Qualcomm Offers Cash Incentives, Broader Support, in Bid to Energize App Developers (and Partners Like Twitter)

7/1/10Follow @bvbigelow

After taking a hiatus in its annual Brew developers conference last year, Qualcomm raised the curtain yesterday on its new and improved Brew MP (mobile platform) at Uplinq—a reincarnated developers conference that recasts the two-year-old Brew MP as a “fully realized” mobile operating system that is broader, deeper, and more developer friendly.

Following a multimedia music video intro that blared the pop hit “Hey Soul Sister” by Train, Qualcomm (NASDAQ: QCOM) chairman and CEO Paul Jacobs opened the conference and almost immediately addressed the old Brew versus new Brew question.

“Why did we change the name to Uplinq and how is it different from Brew conferences?” Jacobs rhetorically asked. “The Brew conference was focused on just one platform. Uplinq is focused on many platforms, because we support many operating systems on our chips… We’re working to optimize the integration of our hardware and software, so your applications run better on Qualcomm’s chips and especially our Snapdragon chipsets.”

From there, Jacobs moved into a coordinated presentation, which included a bow to AT&T, Verizon, and Sprint (the three U.S. operators working with Brew MP), and a variety of partners developing new Brew MP-based apps that were at times dazzling. (A webcast of Jacobs talk is here.)

The biggest crowd-pleaser was a demonstration by two Mattel executives, including the vice president of technology, Peter Marx, who played an augmented reality version of “Rock ‘Em Sock ‘Em Robots.” While the robots existed only virtually—on the display screens of a pair of Nexus One handsets (running Android 2.1 on a Qualcomm Snapdragon chipset)—the amusing battle included thunderous, clanking sound effects and showers of sparks with each metallicized blow that prompted cheers from the audience. Augmented reality, Marx said, “allows us to do things that were unimaginable not that long ago. Think about what we can do with Barbie and with Hot Wheels.”

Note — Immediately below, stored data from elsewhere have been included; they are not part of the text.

(* Let $G$ be a graph with an RDV representation on a rooted tree $T$, with node coordinates $x(\cdot),y(\cdot)$ defined as in the context, and let $v_1,\dots,v_n$ be a bottom-up enumeration of the vertices of $G$. Then for all $1\le i<j\le n$, $v_iv_j$ is an edge of $G$ if and only if the vertical segment $q(v_j)$ intersects the horizontal segment $s(v_i)$.
   Context: An RDV representation of a graph $G$ consists of a rooted tree $T$ (the host tree; its vertices are called nodes) and, for every vertex $v$ of $G$, a downward path $P(v)$ in $T$ (a path that starts at some node and then always proceeds from a node to one of its children), such that for distinct vertices $v,w$, $vw$ is an edge of $G$ if and only if $P(v)$ and $P(w)$ share at least one node. For a vertex $v$, $t(v)$ denotes the node of $P(v)$ closest to the root, and $b(v)$ the node of $P(v)$ farthest from the root. A bottom-up enumeration is an ordering of the vertices of $G$ by non-increasing distance of $t(v)$ from the root (ties broken arbitrarily). Coordinates: fix an arbitrary order of the children at each node of $T$, and number the leaves $L_1,\dots,L_\ell$ from left to right according to this order (i.e., in the order they are encountered by a depth-first traversal respecting the child orders). For a node $u$, let $\ell(u)$ and $r(u)$ be the leftmost (lowest-indexed) and rightmost (highest-indexed) leaf descendant of $u$ (a leaf is its own descendant); let $x(u)$ be the index of $\ell(u)$ and, for a leaf $L_k$, $x(L_k)=k$; let $y(u)$ be the distance (number of edges) from $u$ to the root. Node $u$ is associated with the point $(x(u),y(u))\in\mathbb{R}^2$. For a vertex $v$, the horizontal segment $s(v)$ is the segment from $(x(t(v)),y(t(v)))$ to $(x(r(t(v))),y(t(v)))$, and the vertical segment $q(v)$ is the segment from $(x(b(v)),y(b(v)))$ to $(x(b(v)),y(t(v)))$. *)

theory Defs
  imports "HOL-Analysis.Analysis" "HOL-Library.Sublist"
begin

text \<open>A node is addressed by its position: the list of child indices on the way
  from the root. The root is [], the children of u are u @ [i].\<close>

datatype tree = Node "tree list"

inductive is_node :: "tree \<Rightarrow> nat list \<Rightarrow> bool" where
  root: "is_node (Node ts) []"
| child: "i < length ts \<Longrightarrow> is_node (ts ! i) p \<Longrightarrow> is_node (Node ts) (i # p)"

text \<open>Leaves: nodes without children (children of u are u@[0], u@[1], ...).\<close>
definition is_leaf :: "tree \<Rightarrow> nat list \<Rightarrow> bool" where
  "is_leaf T p \<longleftrightarrow> is_node T p \<and> \<not> is_node T (p @ [0])"

text \<open>Left-to-right (depth-first, respecting child orders) order on nodes:
  lexicographic order on positions; leaves are numbered 1..l in this order.\<close>
definition leaf_index :: "tree \<Rightarrow> nat list \<Rightarrow> nat" where
  "leaf_index T L = card {L'. is_leaf T L' \<and> (L', L) \<in> lexord {(a, b). a < b}} + 1"

definition xcoord :: "tree \<Rightarrow> nat list \<Rightarrow> nat" where
  "xcoord T u = Min {leaf_index T L | L. is_leaf T L \<and> prefix u L}"

definition xright :: "tree \<Rightarrow> nat list \<Rightarrow> nat" where
  "xright T u = Max {leaf_index T L | L. is_leaf T L \<and> prefix u L}"

definition ycoord :: "nat list \<Rightarrow> nat" where
  "ycoord u = length u"

definition dpath :: "nat list \<Rightarrow> nat list \<Rightarrow> nat list set" where
  "dpath a b = {p. prefix a p \<and> prefix p b}"

definition RDV_rep :: "'v set \<Rightarrow> ('v \<Rightarrow> 'v \<Rightarrow> bool) \<Rightarrow> tree \<Rightarrow> ('v \<Rightarrow> nat list) \<Rightarrow> ('v \<Rightarrow> nat list) \<Rightarrow> bool" where
  "RDV_rep V E T tp bt \<longleftrightarrow>
     (\<forall>v\<in>V. is_node T (bt v) \<and> prefix (tp v) (bt v)) \<and>
     (\<forall>v\<in>V. \<forall>w\<in>V. v \<noteq> w \<longrightarrow> (E v w \<longleftrightarrow> dpath (tp v) (bt v) \<inter> dpath (tp w) (bt w) \<noteq> {}))"

definition hseg :: "tree \<Rightarrow> nat list \<Rightarrow> (real \<times> real) set" where
  "hseg T t = closed_segment (real (xcoord T t), real (ycoord t)) (real (xright T t), real (ycoord t))"

definition vseg :: "tree \<Rightarrow> nat list \<Rightarrow> nat list \<Rightarrow> (real \<times> real) set" where
  "vseg T t b = closed_segment (real (xcoord T b), real (ycoord b)) (real (xcoord T b), real (ycoord t))"

definition bottom_up :: "'v set \<Rightarrow> ('v \<Rightarrow> nat list) \<Rightarrow> 'v list \<Rightarrow> bool" where
  "bottom_up V tp vs \<longleftrightarrow> distinct vs \<and> set vs = V \<and>
     (\<forall>i j. i < j \<and> j < length vs \<longrightarrow> ycoord (tp (vs ! j)) \<le> ycoord (tp (vs ! i)))"

end

theory Submission
  imports Defs
begin

text \<open>Two facts make the picture work. First, the leaves below a node u form an
  interval of the left-to-right leaf order, so a node w at depth at least that of u
  lies below u exactly when x(w) falls between x(u) and x(r(u)). Second, in a
  bottom-up enumeration t(v_j) is not deeper than t(v_i) for i < j, so the two
  downward paths meet exactly when t(v_i) is an ancestor of b(v_j): then t(v_i) is
  itself on P(v_j). Both conditions together say that the vertical segment q(v_j)
  passes through the height of s(v_i) within its horizontal extent.\<close>

abbreviation lex_less :: "(nat list \<times> nat list) set" where
  "lex_less \<equiv> lexord {(a, b). a < b}"

lemma finite_nodes: "finite {p. is_node T p}"
proof (induction T)
  case (Node ts)
  have "{p. is_node (Node ts) p} \<subseteq> {[]} \<union> (\<Union>i<length ts. Cons i ` {p. is_node (ts ! i) p})"
  proof
    fix p assume "p \<in> {p. is_node (Node ts) p}"
    then have "is_node (Node ts) p" by simp
    then show "p \<in> {[]} \<union> (\<Union>i<length ts. Cons i ` {p. is_node (ts ! i) p})"
      by cases auto
  qed
  moreover have "finite ({[]} \<union> (\<Union>i<length ts. Cons i ` {p. is_node (ts ! i) p}))"
    using Node by auto
  ultimately show ?case by (rule finite_subset)
qed

lemma is_node_prefix: "is_node T q \<Longrightarrow> prefix p q \<Longrightarrow> is_node T p"
proof (induction T q arbitrary: p rule: is_node.induct)
  case (root ts)
  then show ?case by (simp add: is_node.root)
next
  case (child i ts q)
  then show ?case
    by (cases p) (auto intro: is_node.root is_node.child)
qed

lemma ex_leaf_below:
  assumes "is_node T p"
  shows "\<exists>L. is_leaf T L \<and> prefix p L"
proof -
  let ?below = "\<lambda>q. is_node T q \<and> prefix p q"
  have bounded: "\<forall>q. ?below q \<longrightarrow> length q < Suc (Max (length ` {p. is_node T p}))"
    using finite_nodes[of T] by (auto intro!: le_imp_less_Suc Max_ge)
  obtain q where q: "?below q" and deepest: "\<forall>q'. ?below q' \<longrightarrow> length q' \<le> length q"
    using ex_has_greatest_nat[of ?below p length, OF _ bounded] assms by auto
  have "\<not> is_node T (q @ [0])"
  proof
    assume "is_node T (q @ [0])"
    with q have "?below (q @ [0])" by (auto intro: prefix_order.trans)
    with deepest show False by force
  qed
  with q show ?thesis unfolding is_leaf_def by auto
qed

lemma leaf_index_strict_mono:
  assumes "is_leaf T L1" "is_leaf T L2" "(L1, L2) \<in> lex_less"
  shows "leaf_index T L1 < leaf_index T L2"
proof -
  let ?before = "\<lambda>L. {L'. is_leaf T L' \<and> (L', L) \<in> lex_less}"
  have trans_less: "trans {(a::nat, b). a < b}" by (auto simp: trans_def)
  have "?before L1 \<subseteq> ?before L2"
    using assms trans_less by (auto intro: lexord_trans)
  moreover have "L1 \<in> ?before L2 - ?before L1"
    using assms by (auto simp: lexord_irreflexive)
  ultimately have "?before L1 \<subset> ?before L2" by blast
  moreover have "finite (?before L2)"
    by (rule finite_subset[OF _ finite_nodes[of T]]) (auto simp: is_leaf_def)
  ultimately show ?thesis
    unfolding leaf_index_def by (simp add: psubset_card_mono)
qed

lemma leaf_index_le_imp_lex_le:
  assumes "is_leaf T L1" "is_leaf T L2" "leaf_index T L1 \<le> leaf_index T L2"
  shows "L1 = L2 \<or> (L1, L2) \<in> lex_less"
proof -
  have "(L1, L2) \<in> lex_less \<or> L1 = L2 \<or> (L2, L1) \<in> lex_less"
    by (rule lexord_linear) auto
  then show ?thesis
    using leaf_index_strict_mono[OF assms(2,1)] assms(3) by auto
qed

lemma prefix_lex_between:
  assumes "prefix u a" "prefix u b" "a = m \<or> (a, m) \<in> lex_less" "m = b \<or> (m, b) \<in> lex_less"
  shows "prefix u m"
  using assms
proof (induction u arbitrary: a b m)
  case Nil
  then show ?case by simp
next
  case (Cons x u)
  then obtain a' b' where ab: "a = x # a'" "b = x # b'"
    by (auto simp: prefix_def)
  show ?case
  proof (cases m)
    case Nil
    with Cons.prems ab show ?thesis by auto
  next
    case (Cons y m')
    with Cons.prems ab have "y = x" by auto
    with Cons.prems ab \<open>m = y # m'\<close>
    have "a' = m' \<or> (a', m') \<in> lex_less" "m' = b' \<or> (m', b') \<in> lex_less"
      by auto
    with Cons.IH[of a' b' m'] Cons.prems ab \<open>m = y # m'\<close> \<open>y = x\<close> show ?thesis
      by auto
  qed
qed

definition leaf_indices_below :: "tree \<Rightarrow> nat list \<Rightarrow> nat set" where
  "leaf_indices_below T u = leaf_index T ` {L. is_leaf T L \<and> prefix u L}"

lemma xcoord_eq_Min: "xcoord T u = Min (leaf_indices_below T u)"
  unfolding xcoord_def leaf_indices_below_def by (simp add: setcompr_eq_image)

lemma xright_eq_Max: "xright T u = Max (leaf_indices_below T u)"
  unfolding xright_def leaf_indices_below_def by (simp add: setcompr_eq_image)

lemma finite_leaf_indices_below: "finite (leaf_indices_below T u)"
  unfolding leaf_indices_below_def
  by (rule finite_imageI, rule finite_subset[OF _ finite_nodes[of T]]) (auto simp: is_leaf_def)

lemma leaf_indices_below_nonempty: "is_node T u \<Longrightarrow> leaf_indices_below T u \<noteq> {}"
  unfolding leaf_indices_below_def using ex_leaf_below by blast

lemma leaf_indices_below_mono: "prefix u w \<Longrightarrow> leaf_indices_below T w \<subseteq> leaf_indices_below T u"
  unfolding leaf_indices_below_def by (auto intro: prefix_order.trans)

lemma xcoord_leaf:
  assumes "is_node T u"
  obtains L where "is_leaf T L" "prefix u L" "xcoord T u = leaf_index T L"
  using Min_in[OF finite_leaf_indices_below leaf_indices_below_nonempty[OF assms]]
  unfolding xcoord_eq_Min leaf_indices_below_def by auto

lemma xright_leaf:
  assumes "is_node T u"
  obtains L where "is_leaf T L" "prefix u L" "xright T u = leaf_index T L"
  using Max_in[OF finite_leaf_indices_below leaf_indices_below_nonempty[OF assms]]
  unfolding xright_eq_Max leaf_indices_below_def by auto

lemma xcoord_le_xright: "is_node T u \<Longrightarrow> xcoord T u \<le> xright T u"
  unfolding xcoord_eq_Min xright_eq_Max
  by (simp add: finite_leaf_indices_below leaf_indices_below_nonempty)

lemma prefix_iff_xcoord_between:
  assumes "is_node T u" "is_node T w" "length u \<le> length w"
  shows "prefix u w \<longleftrightarrow> xcoord T u \<le> xcoord T w \<and> xcoord T w \<le> xright T u"
proof
  assume "prefix u w"
  then have sub: "leaf_indices_below T w \<subseteq> leaf_indices_below T u"
    by (rule leaf_indices_below_mono)
  have ne: "leaf_indices_below T w \<noteq> {}"
    using assms(2) by (rule leaf_indices_below_nonempty)
  show "xcoord T u \<le> xcoord T w \<and> xcoord T w \<le> xright T u"
    unfolding xcoord_eq_Min xright_eq_Max
    using Min_antimono[OF sub ne] Max_mono[OF sub ne]
      Min_le[OF finite_leaf_indices_below Max_in[OF finite_leaf_indices_below ne]]
    by (auto simp: finite_leaf_indices_below)
next
  assume between: "xcoord T u \<le> xcoord T w \<and> xcoord T w \<le> xright T u"
  obtain a where a: "is_leaf T a" "prefix u a" "xcoord T u = leaf_index T a"
    using xcoord_leaf[OF assms(1)] .
  obtain b where b: "is_leaf T b" "prefix u b" "xright T u = leaf_index T b"
    using xright_leaf[OF assms(1)] .
  obtain m where m: "is_leaf T m" "prefix w m" "xcoord T w = leaf_index T m"
    using xcoord_leaf[OF assms(2)] .
  have "a = m \<or> (a, m) \<in> lex_less"
    using leaf_index_le_imp_lex_le[OF a(1) m(1)] a m between by simp
  moreover have "m = b \<or> (m, b) \<in> lex_less"
    using leaf_index_le_imp_lex_le[OF m(1) b(1)] b m between by simp
  ultimately have "prefix u m"
    using prefix_lex_between a(2) b(2) by blast
  with m(2) assms(3) show "prefix u w"
    using prefix_length_prefix by blast
qed

lemma dpath_inter_iff_prefix:
  assumes "prefix a b" "prefix c d" "length c \<le> length a"
  shows "dpath a b \<inter> dpath c d \<noteq> {} \<longleftrightarrow> prefix a d"
proof
  assume "dpath a b \<inter> dpath c d \<noteq> {}"
  then obtain p where "prefix a p" "prefix p d"
    unfolding dpath_def by auto
  then show "prefix a d" by (rule prefix_order.trans)
next
  assume "prefix a d"
  with assms have "a \<in> dpath a b \<inter> dpath c d"
    unfolding dpath_def using prefix_length_prefix by auto
  then show "dpath a b \<inter> dpath c d \<noteq> {}" by blast
qed

lemma closed_segment_horizontal: "closed_segment (x1::real, y) (x2, y) = closed_segment x1 x2 \<times> {y}"
  by (auto simp: closed_segment_def; (rule_tac x=u in exI)?; auto simp: algebra_simps)

lemma closed_segment_vertical: "closed_segment (x::real, y1) (x, y2) = {x} \<times> closed_segment y1 y2"
  by (auto simp: closed_segment_def; (rule_tac x=u in exI)?; auto simp: algebra_simps)

lemma vseg_inter_hseg_iff:
  assumes "is_node T t'" "length t \<le> length t'" "length t \<le> length b"
  shows "vseg T t b \<inter> hseg T t' \<noteq> {} \<longleftrightarrow>
    length t' \<le> length b \<and> xcoord T t' \<le> xcoord T b \<and> xcoord T b \<le> xright T t'"
proof -
  have cross: "{x} \<times> I \<inter> J \<times> {y} \<noteq> {} \<longleftrightarrow> x \<in> J \<and> y \<in> I" for x y :: real and I J
    by auto
  show ?thesis
    using assms xcoord_le_xright[OF assms(1)]
    unfolding vseg_def hseg_def closed_segment_horizontal closed_segment_vertical cross
      closed_segment_eq_real_ivl ycoord_def
    by auto
qed

theorem theorem2:
  fixes V :: "'v set" and E :: "'v \<Rightarrow> 'v \<Rightarrow> bool" and T :: tree
    and tp bt :: "'v \<Rightarrow> nat list" and vs :: "'v list"
  assumes "finite V"
    and "\<forall>v w. E v w \<longleftrightarrow> E w v"
    and "\<forall>v. \<not> E v v"
    and "RDV_rep V E T tp bt"
    and "bottom_up V tp vs"
  shows "\<forall>i j. i < j \<and> j < length vs \<longrightarrow>
           (E (vs ! i) (vs ! j) \<longleftrightarrow> vseg T (tp (vs ! j)) (bt (vs ! j)) \<inter> hseg T (tp (vs ! i)) \<noteq> {})"
proof (intro allI impI)
  fix i j assume ij: "i < j \<and> j < length vs"
  define v w where "v = vs ! i" and "w = vs ! j"
  have "v \<in> V" "w \<in> V" "v \<noteq> w" and depth: "length (tp w) \<le> length (tp v)"
    using assms(5) ij unfolding bottom_up_def ycoord_def v_def w_def
    by (auto simp: nth_eq_iff_index_eq)
  then have edge: "E v w \<longleftrightarrow> dpath (tp v) (bt v) \<inter> dpath (tp w) (bt w) \<noteq> {}"
    and v: "is_node T (bt v)" "prefix (tp v) (bt v)"
    and w: "is_node T (bt w)" "prefix (tp w) (bt w)"
    using assms(4) unfolding RDV_rep_def by auto
  have tv: "is_node T (tp v)"
    using v by (rule is_node_prefix)
  have "E v w \<longleftrightarrow> prefix (tp v) (bt w)"
    using edge dpath_inter_iff_prefix[OF v(2) w(2) depth] by simp
  also have "\<dots> \<longleftrightarrow> vseg T (tp w) (bt w) \<inter> hseg T (tp v) \<noteq> {}"
    using prefix_iff_xcoord_between[OF tv w(1)] prefix_length_le[OF w(2)] prefix_length_le
      vseg_inter_hseg_iff[OF tv depth prefix_length_le[OF w(2)]]
    by blast
  finally show "E (vs ! i) (vs ! j) \<longleftrightarrow> vseg T (tp (vs ! j)) (bt (vs ! j)) \<inter> hseg T (tp (vs ! i)) \<noteq> {}"
    unfolding v_def w_def .
qed

end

Following another demonstration of an augmented-reality computer game by David Helgason, CEO of San Francisco-based Unity Technologies, Jacobs announced Qualcomm’s first augmented-reality developer challenge. The Qualcomm challenge offers a total of $200,000 in prizes for the top three teams that create “the most creative augmented reality apps,” using Qualcomm’s just-released software development kit. The first-place award is $125,000, second-place is worth $50,000, and third is $25,000.